== Goal of the exercise ==
Nothing below is to be printed except the lines between the line holding "using exists_act_in_torsion[OF fin" and the line holding "obtain u where", inclusive, each exactly as it appears.

Saved entries
──────
text \<open>kK, kKi, kE, kF are the actions of the generators K, K^{-1}, E, F;
  st is the star operation.\<close>

definition SUq2_setting ::
  "real \<Rightarrow> (complex \<Rightarrow> 'a::ring_1) \<Rightarrow> ('a \<Rightarrow> 'a) \<Rightarrow> 'a \<Rightarrow> 'a \<Rightarrow>
   ('a \<Rightarrow> 'a) \<Rightarrow> ('a \<Rightarrow> 'a) \<Rightarrow> ('a \<Rightarrow> 'a) \<Rightarrow> ('a \<Rightarrow> 'a) \<Rightarrow> bool" where
  "SUq2_setting q emb st a c kK kKi kE kF \<longleftrightarrow>
     0 < q \<and> q < 1 \<and> complex_alg emb \<and>
     \<comment> \<open>star structure\<close>
     (\<forall>x y. st (x + y) = st x + st y) \<and> (\<forall>x y. st (x * y) = st y * st x) \<and>
     (\<forall>z x. st (emb z * x) = emb (cnj z) * st x) \<and> (\<forall>x. st (st x) = x) \<and>
     \<comment> \<open>defining relations of A(SU_q(2))\<close>
     a * c = emb (cq q) * c * a \<and> a * st c = emb (cq q) * st c * a \<and> c * st c = st c * c \<and>
     st a * a + st c * c = 1 \<and> a * st a + emb (cq (q^2)) * c * st c = 1 \<and>
     \<comment> \<open>generated by a, c (as a *-algebra)\<close>
     (\<forall>x. x \<in> gen_alg emb {a, c, st a, st c}) \<and>
     \<comment> \<open>the generators of U_q(su(2)) act by linear maps satisfying the relations\<close>
     clin emb kK \<and> clin emb kKi \<and> clin emb kE \<and> clin emb kF \<and>
     (\<forall>x. kK (kKi x) = x) \<and> (\<forall>x. kKi (kK x) = x) \<and>
     (\<forall>x. kK (kE x) = emb (cq q) * kE (kK x)) \<and>
     (\<forall>x. kK (kF x) = emb (cq (1/q)) * kF (kK x)) \<and>
     (\<forall>x. kE (kF x) - kF (kE x) = emb (cq (1 / (q - 1/q))) * (kK (kK x) - kKi (kKi x))) \<and>
     \<comment> \<open>module algebra w.r.t. the coproduct and counit\<close>
     (\<forall>x y. kK (x * y) = kK x * kK y) \<and> kK 1 = 1 \<and>
     (\<forall>x y. kKi (x * y) = kKi x * kKi y) \<and> kKi 1 = 1 \<and>
     (\<forall>x y. kE (x * y) = kE x * kK y + kKi x * kE y) \<and> kE 1 = 0 \<and>
     (\<forall>x y. kF (x * y) = kF x * kK y + kKi x * kF y) \<and> kF 1 = 0 \<and>
     \<comment> \<open>action on the generators\<close>
     kK a = emb (cq (q powr (-1/2))) * a \<and> kK c = emb (cq (q powr (-1/2))) * c \<and>
     kK (st a) = emb (cq (q powr (1/2))) * st a \<and> kK (st c) = emb (cq (q powr (1/2))) * st c \<and>
     kE a = - (emb (cq q) * st c) \<and> kE c = st a \<and> kE (st a) = 0 \<and> kE (st c) = 0 \<and>
     kF a = 0 \<and> kF c = 0 \<and> kF (st a) = c \<and> kF (st c) = - (emb (cq (1/q)) * a)"
(* Let $(M,g)$ be a Riemannian manifold of dimension $n$, with the objects $\mathcal{T}M$, $V$, $G$, $\xi_1,\xi_2$, $\omega^1,\omega^2$, $f$ as described in the context (on the open subset of $\mathcal{T}M$ where $F^2+K^2>0$). Let $V_{\xi_2}=\{X\in V:\ \omega^2(X)=0\}$ be the vertical Liouville distribution (the $G$-orthogonal complement of $\xi_2$ in $V$, of rank $2n-1$), let $\overline{f}$ be the restriction of $f$ to $V_{\xi_2}$ (which takes values in $V_{\xi_2}$), let $\overline{\xi}=\xi_1$ (a section of $V_{\xi_2}$) and $\overline{\eta}=\omega^1|_{V_{\xi_2}}$. Then $(\overline{f},\overline{\xi},\overline{\eta})$ is an almost contact structure on $V_{\xi_2}$; more precisely: (i) $\overline{f}^3+\overline{f}=0$ and $\operatorname{rank}\overline{f}=2n-2$; (ii) $\overline{\eta}(\overline{\xi})=1$, $\overline{f}(\overline{\xi})=0$, $\overline{\eta}\circ\overline{f}=0$; (iii) $\overline{f}^2(X)=-X+\overline{\eta}(X)\overline{\xi}$ for every $X\in\Gamma(V_{\xi_2})$.
   Context: Let $M$ be an $n$-dimensional smooth manifold with a Riemannian metric $g=(g_{ij})$, with inverse matrix $(g^{ij})$; summation convention is used. The big-tangent manifold $\mathcal{T}M$ is the total space of the Whitney sum $TM\oplus T^*M\to M$; over a chart $(U,(x^i))$ of $M$ it has coordinates $(x^i,y^i,p_i)$, the point being $y^i\frac{\partial}{\partial x^i}|_x+p_i\,dx^i|_x$. The vertical bundle $V\subset T\mathcal{T}M$ is the subbundle tangent to the fibres of $\mathcal{T}M\to M$, locally spanned by $\{\frac{\partial}{\partial y^i},\frac{\partial}{\partial p_i}\}$. Put $y_i=g_{ij}y^j$, $p^i=g^{ij}p_j$, $F^2=g_{ij}y^iy^j$, $K^2=g^{ij}p_ip_j$; all objects are considered on the open set where $F^2+K^2>0$. $G$ is the metric on $V$ with $G(\frac{\partial}{\partial y^i},\frac{\partial}{\partial y^j})=g_{ij}$, $G(\frac{\partial}{\partial p_i},\frac{\partial}{\partial p_j})=g^{ij}$, $G(\frac{\partial}{\partial y^i},\frac{\partial}{\partial p_j})=0$. $\phi:V\to V$ is the bundle endomorphism with $\phi(\frac{\partial}{\partial y^i})=-g_{ij}\frac{\partial}{\partial p_j}$, $\phi(\frac{\partial}{\partial p_i})=g^{ij}\frac{\partial}{\partial y^j}$. Set $\xi_2=\frac{1}{\sqrt{F^2+K^2}}\big(y^i\frac{\partial}{\partial y^i}+p_i\frac{\partial}{\partial p_i}\big)$ and $\xi_1=\frac{1}{\sqrt{F^2+K^2}}\big(p^i\frac{\partial}{\partial y^i}-y_i\frac{\partial}{\partial p_i}\big)$. Let $\omega^1,\omega^2$ be the sections of $V^*$ given by $\omega^1(\frac{\partial}{\partial y^i})=\frac{p_i}{\sqrt{F^2+K^2}}$, $\omega^1(\frac{\partial}{\partial p_i})=-\frac{y^i}{\sqrt{F^2+K^2}}$, $\omega^2(\frac{\partial}{\partial y^i})=\frac{y_i}{\sqrt{F^2+K^2}}$, $\omega^2(\frac{\partial}{\partial p_i})=\frac{p^i}{\sqrt{F^2+K^2}}$. Define $f:V\to V$ by $f(X)=\phi(X)-\omega^2(X)\xi_1+\omega^1(X)\xi_2$. *)

theory Defs
  imports "HOL-Analysis.Analysis"
begin

text \<open>At a point u = (x,y,p) of the big-tangent manifold, the vertical
space V_u is identified with pairs (a,b) of coefficient vectors, X = a^i d/dy^i + b_i d/dp_i.
g is the matrix (g_ij(x)), its inverse is (g^ij(x)).\<close>

type_synonym 'n vert = "(real^'n) \<times> (real^'n)"

definition ginv :: "real^'n^'n \<Rightarrow> real^'n^'n" where
  "ginv g = matrix_inv g"

definition FK2 :: "real^'n^'n \<Rightarrow> real^'n \<Rightarrow> real^'n \<Rightarrow> real" where
  "FK2 g y p = y \<bullet> (g *v y) + p \<bullet> (ginv g *v p)"

definition phiV :: "real^'n^'n \<Rightarrow> 'n vert \<Rightarrow> 'n vert" where
  "phiV g X = (ginv g *v snd X, - (g *v fst X))"
lemma orbit_mean_scale_left: "orbit_mean (r *\<^sub>R x) xs = r * orbit_mean x xs"
  unfolding orbit_mean_def
  by (simp add: linear_scale[OF linear_\<pi>] blinfun.scaleR_right M_scale[OF \<pi>_orbit_in_D])

lemma bounded_linear_orbit_mean: "bounded_linear (orbit_mean x)"
proof (rule bounded_linear_intro[where K = "norm x"])
  show "orbit_mean x (xs + ys) = orbit_mean x xs + orbit_mean x ys" for xs ys
    unfolding orbit_mean_def by (simp add: blinfun.add_left M_add[OF \<pi>_orbit_in_D \<pi>_orbit_in_D])
  show "orbit_mean x (r *\<^sub>R xs) = r *\<^sub>R orbit_mean x xs" for r xs
    unfolding orbit_mean_def by (simp add: blinfun.scaleR_left M_scale[OF \<pi>_orbit_in_D])
  show "norm (orbit_mean x xs) \<le> norm xs * norm x" for xs
    using abs_orbit_mean_le by (simp add: mult.commute)
qed

lemma bounded_linear_Blinfun_orbit_mean: "bounded_linear (\<lambda>x. Blinfun (orbit_mean x))"
proof (rule bounded_linear_intro[where K = 1])
  show "Blinfun (orbit_mean (x + y)) = Blinfun (orbit_mean x) + Blinfun (orbit_mean y)" for x y
    by (rule blinfun_eqI)
      (simp add: bounded_linear_Blinfun_apply[OF bounded_linear_orbit_mean] orbit_mean_add_left plus_blinfun.rep_eq)
  show "Blinfun (orbit_mean (r *\<^sub>R x)) = r *\<^sub>R Blinfun (orbit_mean x)" for r x
    by (rule blinfun_eqI)
      (simp add: bounded_linear_Blinfun_apply[OF bounded_linear_orbit_mean] orbit_mean_scale_left scaleR_blinfun.rep_eq)
  show "norm (Blinfun (orbit_mean x)) \<le> norm x * 1" for x
    by (rule norm_blinfun_bound)
      (simp_all add: bounded_linear_Blinfun_apply[OF bounded_linear_orbit_mean] abs_orbit_mean_le)
qed

definition RG :: "'x \<Rightarrow>\<^sub>L (('x \<Rightarrow>\<^sub>L real) \<Rightarrow>\<^sub>L real)" where
  "RG = Blinfun (\<lambda>x. Blinfun (orbit_mean x))"

lemma RG_apply [simp]: "RG x xs = M (\<lambda>g. xs (\<pi> g x))"
  unfolding RG_def orbit_mean_def[symmetric]
  by (simp add: bounded_linear_Blinfun_apply bounded_linear_Blinfun_orbit_mean bounded_linear_orbit_mean)

lemma norm_RG_apply_le: "norm (RG x) \<le> norm x"
  by (rule norm_blinfun_bound) (simp_all add: abs_orbit_mean_le[unfolded orbit_mean_def])

lemma norm_RG_le: "norm RG \<le> 1"
  by (rule norm_blinfun_bound) (simp_all add: norm_RG_apply_le)

lemma RG_dual_act: "RG x (dual_act act (- g) xs) = RG x xs"
  using M_lshift[OF \<pi>_orbit_in_D, where g = "- g"] by (simp add: lshift_def \<pi>_add)

lemma bidual_act_RG: "bidual_act act g (RG x) = RG x"
  unfolding bidual_act_def RG_dual_act by (rule blinfun_apply_inverse)

lemma RG_\<pi>: "RG (\<pi> g x) = RG x"
  using M_rshift[OF \<pi>_orbit_in_D, where g = "- g"] by (intro blinfun_eqI) (simp add: rshift_def \<pi>_add)

lemma RG_fixed_pt: "x \<in> fixed_pts act \<Longrightarrow> RG x = kappa x"
  by (intro blinfun_eqI) (simp add: fixed_pts_def)

lemma range_RG_Int_range_kappa: "range RG \<inter> range kappa = kappa ` fixed_pts act"
proof (intro equalityI subsetI)
  fix w assume w: "w \<in> range RG \<inter> range kappa"
  then obtain x where x: "RG x = w" by (metis IntD1 rangeE)
  from w obtain z where z: "kappa z = w" by (metis IntD2 rangeE)
  have "xs (\<pi> g z) = xs z" for g and xs :: "'x \<Rightarrow>\<^sub>L real"
  proof -
    have "xs (\<pi> g z) = kappa z (dual_act act (- g) xs)" by simp
    also have "\<dots> = kappa z xs" unfolding z x[symmetric] by (rule RG_dual_act)
    finally show ?thesis by simp
  qed
  then have "kappa (\<pi> g z) = kappa z" for g by (intro blinfun_eqI) simp
  then have "z \<in> fixed_pts act" by (simp add: fixed_pts_def)
  then show "w \<in> kappa ` fixed_pts act" using z by (rule rev_image_eqI[OF _ sym])
next
  fix w assume "w \<in> kappa ` fixed_pts act"
  then obtain y where "y \<in> fixed_pts act" and w: "w = kappa y" by blast
  then have "RG y = w" by (simp add: RG_fixed_pt)
  then show "w \<in> range RG \<inter> range kappa" using w by blast
qed
text \<open>The multipliers v from the finitely many faces in F add up to a single w in tau.\<close>
lemma exists_act_in_torsion:
  assumes fin: "finite F" and F: "F \<subseteq> Collect (face Qp)" and m: "m \<in> mcar M p"
    and kill: "\<And>\<sigma>. \<sigma> \<in> F \<Longrightarrow> \<exists>u\<in>\<sigma>. \<exists>v\<in>\<tau>. mact M (u + v) p m = mzero M (p + (u + v))"
  shows "\<exists>w\<in>\<tau>. mact M w p m \<in> mcar (torsion F M) (p + w)"
proof -
  obtain u v where uv: "\<And>\<sigma>. \<sigma> \<in> F \<Longrightarrow> u \<sigma> \<in> \<sigma> \<and> v \<sigma> \<in> \<tau> \<and>
      mact M (u \<sigma> + v \<sigma>) p m = mzero M (p + (u \<sigma> + v \<sigma>))"
    using kill by metis
  define w where "w = sum v F"
  have w: "w \<in> \<tau>" unfolding w_def using face_sum[OF \<tau> fin] uv by blast
  have "\<exists>s\<in>\<sigma>. mact M s (p + w) (mact M w p m) = mzero M (p + w + s)" if \<sigma>: "\<sigma> \<in> F" for \<sigma>
  proof -
    define w' where "w' = sum v (F - {\<sigma>})"
    have w': "w' \<in> \<tau>" unfolding w'_def using face_sum[OF \<tau>] fin uv by blast
    have ww': "w = v \<sigma> + w'" unfolding w_def w'_def using sum.remove[OF fin \<sigma>] by simp
    have "face Qp \<sigma>" using \<sigma> F by blast
    then have "u \<sigma> \<in> Qp" using uv[OF \<sigma>] face_subset by blast
    moreover have "v \<sigma> \<in> Qp" "w \<in> Qp" "w' \<in> Qp" using uv[OF \<sigma>] w w' face_in_Qp by auto
    ultimately have Q: "u \<sigma> \<in> Qp" "u \<sigma> + v \<sigma> \<in> Qp" "w \<in> Qp" "w' \<in> Qp"
      using add_closed by auto
    have "mact M (u \<sigma>) (p + w) (mact M w p m) = mact M w' (p + (u \<sigma> + v \<sigma>)) (mact M (u \<sigma> + v \<sigma>) p m)"
      using act_act_eq[OF Q(3,1) m] act_act_eq[OF Q(2,4) m] by (simp add: ww' algebra_simps)
    also have "\<dots> = mzero M (p + w + u \<sigma>)"
      unfolding uv[OF \<sigma>, THEN conjunct2, THEN conjunct2]
      by (rule act_mzero_eq[OF Q(4)]) (simp add: ww' algebra_simps)
    finally show ?thesis using uv[OF \<sigma>] by blast
  qed
  moreover have "mact M w p m \<in> mcar M (p + w)"
    using act_closed face_in_Qp[OF w] m by blast
  ultimately show ?thesis using w by auto
qed

lemma loc_cls_mem_torsion_iff:
  assumes F: "F \<subseteq> Collect (face Qp)" and t: "t \<in> \<tau>" and m: "m \<in> mcar M (q + t)"
  shows "loc_cls \<tau> M q t m \<in> mcar (torsion F (loc \<tau> M)) q \<longleftrightarrow>
    (\<forall>\<sigma>\<in>F. \<exists>u\<in>\<sigma>. \<exists>v\<in>\<tau>. mact M (u + v) (q + t) m = mzero M (q + t + (u + v)))"
proof -
  have in_loc: "loc_cls \<tau> M q t m \<in> mcar (loc \<tau> M) q"
    unfolding loc_simps loc_car_def using t m by blast
  have act_eq_zero: "mact (loc \<tau> M) u q (loc_cls \<tau> M q t m) = mzero (loc \<tau> M) (q + u) \<longleftrightarrow>
      (\<exists>v\<in>\<tau>. mact M (u + v) (q + t) m = mzero M (q + t + (u + v)))" if "u \<in> \<sigma>" "\<sigma> \<in> F" for u \<sigma>
  proof -
    have "face Qp \<sigma>" using that(2) F by blast
    then have "u \<in> Qp" using that(1) face_subset by blast
    then show ?thesis by (rule loc_act_eq_zero_iff[OF _ t m])
  qed
  show ?thesis
    unfolding torsion_simps mem_Collect_eq
    by (simp only: in_loc act_eq_zero simp_thms cong: ball_cong bex_cong)
qed

lemma mcar_torsion_loc:
  assumes fin: "finite F" and F: "F \<subseteq> Collect (face Qp)"
  shows "mcar (torsion F (loc \<tau> M)) q =
    {loc_cls \<tau> M q t m | t m. t \<in> \<tau> \<and> m \<in> mcar (torsion F M) (q + t)}"
proof (intro set_eqI iffI)
  fix X assume X: "X \<in> mcar (torsion F (loc \<tau> M)) q"
  then obtain t m where t: "t \<in> \<tau>" and m: "m \<in> mcar M (q + t)" and X_eq: "X = loc_cls \<tau> M q t m"
    unfolding torsion_simps loc_simps loc_car_def by blast
  have "\<forall>\<sigma>\<in>F. \<exists>u\<in>\<sigma>. \<exists>v\<in>\<tau>. mact M (u + v) (q + t) m = mzero M (q + t + (u + v))"
    using X loc_cls_mem_torsion_iff[OF F t m] unfolding X_eq by blast
  then obtain w where w: "w \<in> \<tau>" and tors: "mact M w (q + t) m \<in> mcar (torsion F M) (q + t + w)"
    using exists_act_in_torsion[OF fin F m] by blast
  have "X = loc_cls \<tau> M q (t + w) (mact M w (q + t) m)"
    unfolding X_eq loc_cls_act_eq[OF t w m] ..
  with face_add[OF \<tau> t w] tors[unfolded add.assoc]
  show "X \<in> {loc_cls \<tau> M q t m | t m. t \<in> \<tau> \<and> m \<in> mcar (torsion F M) (q + t)}"
    by blast
next
  fix X assume "X \<in> {loc_cls \<tau> M q t m | t m. t \<in> \<tau> \<and> m \<in> mcar (torsion F M) (q + t)}"
  then obtain t m where t: "t \<in> \<tau>" and m: "m \<in> mcar (torsion F M) (q + t)" and X_eq: "X = loc_cls \<tau> M q t m"
    by blast
  have "\<exists>u\<in>\<sigma>. \<exists>v\<in>\<tau>. mact M (u + v) (q + t) m = mzero M (q + t + (u + v))" if \<sigma>: "\<sigma> \<in> F" for \<sigma>
  proof -
    obtain u where "u \<in> \<sigma>" "mact M u (q + t) m = mzero M (q + t + u)"
      using m \<sigma> by auto
    then show ?thesis
      using face_zero[OF \<tau>] by (intro bexI[of _ u] bexI[of _ 0]) simp_all
  qed
  then show "X \<in> mcar (torsion F (loc \<tau> M)) q"
    unfolding X_eq using loc_cls_mem_torsion_iff[OF F t] m by simp
qed

lemma bij_betw_loc_torsion:
  assumes "finite F" and "F \<subseteq> Collect (face Qp)"
  shows "bij_betw (loc_map \<tau> M q) (mcar (loc \<tau> (torsion F M)) q) (mcar (torsion F (loc \<tau> M)) q)"
proof -
  have "mact (torsion F M) = mact M" and "\<And>p. mcar (torsion F M) p \<subseteq> mcar M p"
    by auto
  from bij_betw_loc_map[OF this] show ?thesis
    unfolding mcar_torsion_loc[OF assms] .
qed

lemma torsion_loc_trivial:
  assumes "\<tau> \<in> F" and "F \<subseteq> Collect (face Qp)"
  shows "mcar (torsion F (loc \<tau> M)) q = {mzero (loc \<tau> M) q}"
proof -
  have "X = mzero (loc \<tau> M) q" if X: "X \<in> mcar (torsion F (loc \<tau> M)) q" for X
  proof -
    obtain s where "X \<in> mcar (loc \<tau> M) q" "s \<in> \<tau>" "mact (loc \<tau> M) s q X = mzero (loc \<tau> M) (q + s)"
      using X assms(1) unfolding torsion_simps mem_Collect_eq by blast
    then show ?thesis by (rule loc_act_eq_zero_imp_zero)
  qed
  then show ?thesis
    using graded_action.mzero_torsion[OF graded_action_loc assms(2)] by blast
qed

lemma loc_torsion_trivial:
  assumes "\<tau> \<in> F" and F: "F \<subseteq> Collect (face Qp)"
  shows "mcar (loc \<tau> (torsion F M)) q = {mzero (loc \<tau> (torsion F M)) q}"
proof (rule graded_action.loc_trivial_if_torsion[OF graded_action_torsion[OF F] \<tau>])
  show "\<exists>s\<in>\<tau>. mact (torsion F M) s p m = mzero (torsion F M) (p + s)"
    if "m \<in> mcar (torsion F M) p" for p m
    using that assms(1) unfolding torsion_simps mem_Collect_eq by blast
qed

end

lemma Gamma_eq_torsion: "Gamma Qp \<tau>' M = torsion {\<sigma>. face Qp \<sigma> \<and> \<not> \<sigma> \<subseteq> \<tau>'} M"
proof -
  have "loc_cls \<sigma> M q 0 m = loc_cls \<sigma> M q 0 (mzero M q) \<longleftrightarrow> (\<exists>s\<in>\<sigma>. mact M s q m = mzero M (q + s))"
    if "face Qp \<sigma>" "m \<in> mcar M q" for \<sigma> q m
    using loc_cls_eq_zero_iff[OF that(1) face_zero[OF that(1)], of m q] that(2) by simp
  then show ?thesis
    unfolding Gamma_def torsion_def by (simp cong: conj_cong)
qed

end

theorem proposition4p6:
  fixes Qp :: "'q::ab_group_add set" and M :: "('q, 'k::field, 'v) qmod"
    and \<tau> \<tau>' :: "'q set"
  assumes "po_group Qp" and "polyhedral Qp" and "qmodule Qp M"
    and "face Qp \<tau>" and "face Qp \<tau>'"
  shows "(\<forall>q. bij_betw (loc_map \<tau> M q) (mcar (loc \<tau> (Gamma Qp \<tau>' M)) q)
                                       (mcar (Gamma Qp \<tau>' (loc \<tau> M)) q))
       \<and> (\<not> \<tau> \<subseteq> \<tau>' \<longrightarrow>
            (\<forall>q. mcar (loc \<tau> (Gamma Qp \<tau>' M)) q = {mzero (loc \<tau> (Gamma Qp \<tau>' M)) q}
               \<and> mcar (Gamma Qp \<tau>' (loc \<tau> M)) q = {mzero (loc \<tau> M) q}))"
proof -
  interpret graded_action Qp M
    using assms(1,3) by (rule qmodule_graded_action)
  interpret loc: graded_action Qp "loc \<tau> M"
    using assms(4) by (rule graded_action_loc)
  define F where "F = {\<sigma>. face Qp \<sigma> \<and> \<not> \<sigma> \<subseteq> \<tau>'}"
  have faces: "F \<subseteq> Collect (face Qp)"
    unfolding F_def by blast
  with assms(2) have fin: "finite F"
    unfolding polyhedral_def by (rule finite_subset[rotated])
  have \<tau>: "\<tau> \<in> F" if "\<not> \<tau> \<subseteq> \<tau>'"
    unfolding F_def using assms(4) that by blast
  show ?thesis
    unfolding Gamma_eq_torsion loc.Gamma_eq_torsion F_def[symmetric]
    using bij_betw_loc_torsion[OF assms(4) fin faces]
      loc_torsion_trivial[OF assms(4) \<tau> faces] torsion_loc_trivial[OF assms(4) \<tau> faces]
    by (auto simp del: loc_simps torsion_simps)
qed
──────
== Exercise answer ==
    using exists_act_in_torsion[OF fin F m] by blast
  have "X = loc_cls \<tau> M q (t + w) (mact M w (q + t) m)"
    unfolding X_eq loc_cls_act_eq[OF t w m] ..
  with face_add[OF \<tau> t w] tors[unfolded add.assoc]
  show "X \<in> {loc_cls \<tau> M q t m | t m. t \<in> \<tau> \<and> m \<in> mcar (torsion F M) (q + t)}"
    by blast
next
  fix X assume "X \<in> {loc_cls \<tau> M q t m | t m. t \<in> \<tau> \<and> m \<in> mcar (torsion F M) (q + t)}"
  then obtain t m where t: "t \<in> \<tau>" and m: "m \<in> mcar (torsion F M) (q + t)" and X_eq: "X = loc_cls \<tau> M q t m"
    by blast
  have "\<exists>u\<in>\<sigma>. \<exists>v\<in>\<tau>. mact M (u + v) (q + t) m = mzero M (q + t + (u + v))" if \<sigma>: "\<sigma> \<in> F" for \<sigma>
  proof -
    obtain u where "u \<in> \<sigma>" "mact M u (q + t) m = mzero M (q + t + u)"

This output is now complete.